■ Instructions to follow: Starting at the line that holds "foldr tmul xs" and stopping at the line that holds "text \<open>omega_0 = sum_i", restate the records below word for word, with both of those lines included.

--- START ---

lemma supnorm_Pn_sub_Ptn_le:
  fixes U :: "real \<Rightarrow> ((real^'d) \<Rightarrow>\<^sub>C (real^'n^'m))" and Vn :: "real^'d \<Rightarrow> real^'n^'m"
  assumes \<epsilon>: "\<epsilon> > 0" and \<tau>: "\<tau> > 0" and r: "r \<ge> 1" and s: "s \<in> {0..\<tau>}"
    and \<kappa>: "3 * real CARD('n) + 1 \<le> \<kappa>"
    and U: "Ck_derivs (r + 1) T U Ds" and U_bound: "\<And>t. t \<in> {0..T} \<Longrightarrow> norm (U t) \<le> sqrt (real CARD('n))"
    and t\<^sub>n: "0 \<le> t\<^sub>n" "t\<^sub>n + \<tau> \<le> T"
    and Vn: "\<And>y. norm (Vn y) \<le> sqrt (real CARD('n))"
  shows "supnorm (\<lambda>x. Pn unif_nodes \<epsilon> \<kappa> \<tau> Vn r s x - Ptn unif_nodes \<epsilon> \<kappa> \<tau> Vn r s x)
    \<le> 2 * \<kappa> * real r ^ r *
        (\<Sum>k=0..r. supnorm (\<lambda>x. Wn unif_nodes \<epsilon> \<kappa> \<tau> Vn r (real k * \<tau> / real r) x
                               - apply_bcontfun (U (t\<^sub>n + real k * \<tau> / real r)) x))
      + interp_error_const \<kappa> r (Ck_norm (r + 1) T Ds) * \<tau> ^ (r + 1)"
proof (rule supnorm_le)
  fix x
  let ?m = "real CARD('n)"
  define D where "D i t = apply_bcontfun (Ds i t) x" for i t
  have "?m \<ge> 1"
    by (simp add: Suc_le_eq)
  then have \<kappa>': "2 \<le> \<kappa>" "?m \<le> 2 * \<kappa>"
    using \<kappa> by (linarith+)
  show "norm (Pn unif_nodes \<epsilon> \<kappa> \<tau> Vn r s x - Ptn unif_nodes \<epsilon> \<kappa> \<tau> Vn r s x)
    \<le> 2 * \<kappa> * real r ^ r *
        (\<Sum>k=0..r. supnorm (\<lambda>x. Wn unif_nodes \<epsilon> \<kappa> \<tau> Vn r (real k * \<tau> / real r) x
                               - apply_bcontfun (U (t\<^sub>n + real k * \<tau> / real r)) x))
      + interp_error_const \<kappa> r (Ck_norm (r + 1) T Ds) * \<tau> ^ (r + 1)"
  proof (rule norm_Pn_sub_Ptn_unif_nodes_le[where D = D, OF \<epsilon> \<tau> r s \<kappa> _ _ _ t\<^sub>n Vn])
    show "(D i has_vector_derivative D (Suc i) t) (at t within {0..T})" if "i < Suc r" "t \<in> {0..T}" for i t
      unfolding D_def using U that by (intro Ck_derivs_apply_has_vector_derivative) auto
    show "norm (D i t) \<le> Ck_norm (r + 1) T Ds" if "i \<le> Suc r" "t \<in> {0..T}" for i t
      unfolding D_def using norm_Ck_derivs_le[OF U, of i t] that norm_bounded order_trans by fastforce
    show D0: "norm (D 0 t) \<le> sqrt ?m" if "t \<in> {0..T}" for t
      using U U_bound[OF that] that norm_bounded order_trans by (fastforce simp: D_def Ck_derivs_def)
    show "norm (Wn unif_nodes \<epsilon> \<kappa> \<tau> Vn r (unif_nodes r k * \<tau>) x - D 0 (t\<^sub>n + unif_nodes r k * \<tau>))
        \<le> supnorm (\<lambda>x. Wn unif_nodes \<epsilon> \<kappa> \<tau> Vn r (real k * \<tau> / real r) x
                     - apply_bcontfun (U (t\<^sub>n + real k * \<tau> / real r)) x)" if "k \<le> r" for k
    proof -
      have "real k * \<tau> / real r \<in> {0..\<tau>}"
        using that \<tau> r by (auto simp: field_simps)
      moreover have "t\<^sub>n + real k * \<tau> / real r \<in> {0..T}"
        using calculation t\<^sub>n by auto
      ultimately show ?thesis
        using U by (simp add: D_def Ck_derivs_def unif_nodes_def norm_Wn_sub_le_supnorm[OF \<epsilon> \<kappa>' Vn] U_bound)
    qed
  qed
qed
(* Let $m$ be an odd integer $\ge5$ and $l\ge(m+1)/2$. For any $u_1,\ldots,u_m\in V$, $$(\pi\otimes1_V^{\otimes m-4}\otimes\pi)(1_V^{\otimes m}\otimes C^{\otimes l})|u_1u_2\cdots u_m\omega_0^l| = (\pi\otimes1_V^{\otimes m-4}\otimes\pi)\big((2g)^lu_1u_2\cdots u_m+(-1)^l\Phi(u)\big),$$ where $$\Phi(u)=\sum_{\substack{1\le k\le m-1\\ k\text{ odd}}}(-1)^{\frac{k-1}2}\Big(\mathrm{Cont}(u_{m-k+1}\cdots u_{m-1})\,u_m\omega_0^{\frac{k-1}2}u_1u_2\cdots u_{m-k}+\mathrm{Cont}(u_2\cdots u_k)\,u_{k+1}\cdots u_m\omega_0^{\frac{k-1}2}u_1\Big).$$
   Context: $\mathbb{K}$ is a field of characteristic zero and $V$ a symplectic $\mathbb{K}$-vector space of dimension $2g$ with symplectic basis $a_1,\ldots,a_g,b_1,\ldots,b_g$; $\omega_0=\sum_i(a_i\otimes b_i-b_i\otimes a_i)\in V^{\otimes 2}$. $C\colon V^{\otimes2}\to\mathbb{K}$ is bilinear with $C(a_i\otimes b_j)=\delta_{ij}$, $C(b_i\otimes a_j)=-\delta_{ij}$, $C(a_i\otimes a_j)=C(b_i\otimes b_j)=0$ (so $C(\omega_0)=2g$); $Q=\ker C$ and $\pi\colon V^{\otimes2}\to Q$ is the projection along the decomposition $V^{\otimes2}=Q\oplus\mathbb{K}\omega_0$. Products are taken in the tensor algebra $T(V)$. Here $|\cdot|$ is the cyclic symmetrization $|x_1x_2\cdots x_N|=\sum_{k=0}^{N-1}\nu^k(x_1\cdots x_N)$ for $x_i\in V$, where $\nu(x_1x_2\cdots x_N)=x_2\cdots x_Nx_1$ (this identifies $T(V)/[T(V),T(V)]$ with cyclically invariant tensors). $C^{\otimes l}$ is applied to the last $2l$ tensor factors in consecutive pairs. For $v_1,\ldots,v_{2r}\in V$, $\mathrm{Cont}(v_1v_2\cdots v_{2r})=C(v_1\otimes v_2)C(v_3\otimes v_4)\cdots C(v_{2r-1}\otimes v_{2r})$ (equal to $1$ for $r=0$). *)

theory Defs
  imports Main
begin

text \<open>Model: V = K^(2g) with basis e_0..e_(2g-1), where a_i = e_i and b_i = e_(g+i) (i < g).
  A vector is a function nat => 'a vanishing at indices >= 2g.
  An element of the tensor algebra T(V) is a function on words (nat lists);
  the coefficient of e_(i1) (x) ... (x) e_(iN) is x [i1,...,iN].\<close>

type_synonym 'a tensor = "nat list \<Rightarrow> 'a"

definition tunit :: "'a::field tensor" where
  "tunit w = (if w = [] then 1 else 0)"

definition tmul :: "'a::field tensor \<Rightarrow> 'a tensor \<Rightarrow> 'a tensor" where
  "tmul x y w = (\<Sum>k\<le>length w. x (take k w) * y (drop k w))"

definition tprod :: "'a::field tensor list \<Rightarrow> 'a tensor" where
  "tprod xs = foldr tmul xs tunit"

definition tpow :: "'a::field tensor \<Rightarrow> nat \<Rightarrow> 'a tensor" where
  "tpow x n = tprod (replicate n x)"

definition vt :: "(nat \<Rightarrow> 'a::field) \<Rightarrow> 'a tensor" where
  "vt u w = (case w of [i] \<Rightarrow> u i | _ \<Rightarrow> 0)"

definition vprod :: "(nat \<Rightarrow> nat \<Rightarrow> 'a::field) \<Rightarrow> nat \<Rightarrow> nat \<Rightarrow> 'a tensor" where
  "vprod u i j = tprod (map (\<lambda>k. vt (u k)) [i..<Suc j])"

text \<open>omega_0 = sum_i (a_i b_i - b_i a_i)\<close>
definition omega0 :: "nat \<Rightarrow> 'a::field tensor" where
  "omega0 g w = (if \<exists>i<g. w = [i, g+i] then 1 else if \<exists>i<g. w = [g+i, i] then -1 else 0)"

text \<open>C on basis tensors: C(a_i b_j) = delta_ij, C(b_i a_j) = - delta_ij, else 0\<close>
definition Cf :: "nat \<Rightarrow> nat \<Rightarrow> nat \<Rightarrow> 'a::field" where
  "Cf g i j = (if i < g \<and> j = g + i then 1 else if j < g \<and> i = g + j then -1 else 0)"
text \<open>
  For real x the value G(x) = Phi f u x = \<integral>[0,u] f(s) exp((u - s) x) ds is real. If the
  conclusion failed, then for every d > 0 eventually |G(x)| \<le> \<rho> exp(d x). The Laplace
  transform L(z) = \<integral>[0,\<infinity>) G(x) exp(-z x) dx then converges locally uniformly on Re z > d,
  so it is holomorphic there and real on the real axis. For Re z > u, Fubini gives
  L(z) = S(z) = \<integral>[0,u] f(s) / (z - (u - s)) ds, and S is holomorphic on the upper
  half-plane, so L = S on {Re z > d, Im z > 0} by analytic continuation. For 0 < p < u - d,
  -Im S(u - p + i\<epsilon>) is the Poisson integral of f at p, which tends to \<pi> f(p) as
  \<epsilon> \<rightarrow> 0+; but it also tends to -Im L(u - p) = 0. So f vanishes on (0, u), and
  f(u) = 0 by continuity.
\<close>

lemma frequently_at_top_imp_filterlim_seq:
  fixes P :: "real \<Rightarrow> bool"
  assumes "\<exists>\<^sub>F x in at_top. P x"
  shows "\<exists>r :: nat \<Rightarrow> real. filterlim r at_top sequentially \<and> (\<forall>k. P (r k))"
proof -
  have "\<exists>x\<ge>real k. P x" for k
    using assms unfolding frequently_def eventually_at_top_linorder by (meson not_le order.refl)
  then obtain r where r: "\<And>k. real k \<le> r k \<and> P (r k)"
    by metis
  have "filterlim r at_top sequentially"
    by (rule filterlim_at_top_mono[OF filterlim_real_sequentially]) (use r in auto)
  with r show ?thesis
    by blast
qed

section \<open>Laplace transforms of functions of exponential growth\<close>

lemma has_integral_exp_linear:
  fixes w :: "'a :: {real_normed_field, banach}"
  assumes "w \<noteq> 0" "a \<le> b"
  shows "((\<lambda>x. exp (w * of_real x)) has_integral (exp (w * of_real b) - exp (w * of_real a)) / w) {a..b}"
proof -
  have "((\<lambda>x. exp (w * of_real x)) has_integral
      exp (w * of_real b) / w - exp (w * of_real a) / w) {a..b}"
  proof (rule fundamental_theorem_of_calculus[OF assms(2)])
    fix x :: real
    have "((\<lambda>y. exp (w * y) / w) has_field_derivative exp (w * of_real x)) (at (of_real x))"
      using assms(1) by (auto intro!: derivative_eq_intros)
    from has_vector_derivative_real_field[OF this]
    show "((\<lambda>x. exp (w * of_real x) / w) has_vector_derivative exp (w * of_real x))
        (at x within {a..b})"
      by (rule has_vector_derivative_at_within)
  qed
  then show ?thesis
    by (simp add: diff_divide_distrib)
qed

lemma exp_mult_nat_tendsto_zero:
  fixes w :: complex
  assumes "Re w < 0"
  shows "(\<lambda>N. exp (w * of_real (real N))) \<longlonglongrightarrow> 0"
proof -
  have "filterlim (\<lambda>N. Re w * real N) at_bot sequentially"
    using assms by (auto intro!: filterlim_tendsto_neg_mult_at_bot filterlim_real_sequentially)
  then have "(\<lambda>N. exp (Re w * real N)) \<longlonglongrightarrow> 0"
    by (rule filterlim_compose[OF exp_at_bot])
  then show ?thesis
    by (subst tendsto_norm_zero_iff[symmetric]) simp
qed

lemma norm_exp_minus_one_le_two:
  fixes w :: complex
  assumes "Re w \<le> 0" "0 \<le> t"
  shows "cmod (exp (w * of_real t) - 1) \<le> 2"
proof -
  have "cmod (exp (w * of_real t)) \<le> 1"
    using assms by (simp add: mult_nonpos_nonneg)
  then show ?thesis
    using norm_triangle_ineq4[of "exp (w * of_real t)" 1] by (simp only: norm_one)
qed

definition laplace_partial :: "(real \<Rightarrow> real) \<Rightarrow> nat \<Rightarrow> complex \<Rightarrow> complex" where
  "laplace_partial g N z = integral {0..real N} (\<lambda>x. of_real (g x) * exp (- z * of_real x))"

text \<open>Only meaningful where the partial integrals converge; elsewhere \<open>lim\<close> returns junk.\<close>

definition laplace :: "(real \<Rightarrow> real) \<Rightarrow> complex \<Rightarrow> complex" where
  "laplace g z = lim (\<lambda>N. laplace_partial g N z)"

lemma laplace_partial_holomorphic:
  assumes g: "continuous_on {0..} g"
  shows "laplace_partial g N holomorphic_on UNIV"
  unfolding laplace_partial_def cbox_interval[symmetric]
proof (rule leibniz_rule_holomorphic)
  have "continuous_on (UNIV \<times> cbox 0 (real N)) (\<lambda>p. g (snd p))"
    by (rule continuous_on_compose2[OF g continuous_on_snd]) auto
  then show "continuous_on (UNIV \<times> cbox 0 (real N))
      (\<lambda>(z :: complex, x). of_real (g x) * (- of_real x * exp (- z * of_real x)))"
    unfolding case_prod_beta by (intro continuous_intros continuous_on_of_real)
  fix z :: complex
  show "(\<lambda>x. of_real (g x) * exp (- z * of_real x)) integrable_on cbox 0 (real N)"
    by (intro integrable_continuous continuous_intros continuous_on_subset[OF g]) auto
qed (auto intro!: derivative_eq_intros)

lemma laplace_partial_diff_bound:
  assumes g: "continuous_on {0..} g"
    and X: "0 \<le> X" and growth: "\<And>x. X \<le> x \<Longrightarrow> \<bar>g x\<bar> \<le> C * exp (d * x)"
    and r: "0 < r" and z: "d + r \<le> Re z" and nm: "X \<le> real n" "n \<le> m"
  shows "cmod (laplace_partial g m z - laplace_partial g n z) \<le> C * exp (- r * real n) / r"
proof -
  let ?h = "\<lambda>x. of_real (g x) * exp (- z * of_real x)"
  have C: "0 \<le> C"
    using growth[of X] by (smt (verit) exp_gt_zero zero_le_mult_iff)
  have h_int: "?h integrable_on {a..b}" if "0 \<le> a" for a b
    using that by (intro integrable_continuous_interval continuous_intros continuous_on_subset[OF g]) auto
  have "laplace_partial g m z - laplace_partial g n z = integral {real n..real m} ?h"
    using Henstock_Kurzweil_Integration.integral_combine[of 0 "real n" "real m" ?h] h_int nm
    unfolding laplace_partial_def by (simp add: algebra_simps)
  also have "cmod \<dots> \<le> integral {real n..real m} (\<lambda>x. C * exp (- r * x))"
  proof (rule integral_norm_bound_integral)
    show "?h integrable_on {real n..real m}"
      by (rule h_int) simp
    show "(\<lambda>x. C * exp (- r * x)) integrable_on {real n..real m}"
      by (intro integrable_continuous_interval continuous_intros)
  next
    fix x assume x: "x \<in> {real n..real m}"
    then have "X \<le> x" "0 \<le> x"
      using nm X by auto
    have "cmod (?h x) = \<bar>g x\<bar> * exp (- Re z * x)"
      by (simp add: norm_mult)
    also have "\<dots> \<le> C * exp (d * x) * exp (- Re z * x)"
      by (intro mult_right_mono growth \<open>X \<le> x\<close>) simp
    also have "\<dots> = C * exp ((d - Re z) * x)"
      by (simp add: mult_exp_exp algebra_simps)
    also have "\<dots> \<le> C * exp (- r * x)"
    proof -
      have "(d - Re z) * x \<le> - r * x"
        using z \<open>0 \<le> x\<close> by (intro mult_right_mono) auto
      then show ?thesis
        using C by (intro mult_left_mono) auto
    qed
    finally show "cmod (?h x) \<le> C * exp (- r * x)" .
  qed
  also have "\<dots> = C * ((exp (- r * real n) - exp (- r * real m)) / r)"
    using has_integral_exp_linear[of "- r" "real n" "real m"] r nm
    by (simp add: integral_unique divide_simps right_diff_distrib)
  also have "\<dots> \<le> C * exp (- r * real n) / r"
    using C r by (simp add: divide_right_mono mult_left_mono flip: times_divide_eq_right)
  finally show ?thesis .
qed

--- END ---

■ Task answer:
  "tprod xs = foldr tmul xs tunit"

definition tpow :: "'a::field tensor \<Rightarrow> nat \<Rightarrow> 'a tensor" where
  "tpow x n = tprod (replicate n x)"

definition vt :: "(nat \<Rightarrow> 'a::field) \<Rightarrow> 'a tensor" where
  "vt u w = (case w of [i] \<Rightarrow> u i | _ \<Rightarrow> 0)"

definition vprod :: "(nat \<Rightarrow> nat \<Rightarrow> 'a::field) \<Rightarrow> nat \<Rightarrow> nat \<Rightarrow> 'a tensor" where
  "vprod u i j = tprod (map (\<lambda>k. vt (u k)) [i..<Suc j])"

text \<open>omega_0 = sum_i (a_i b_i - b_i a_i)\<close>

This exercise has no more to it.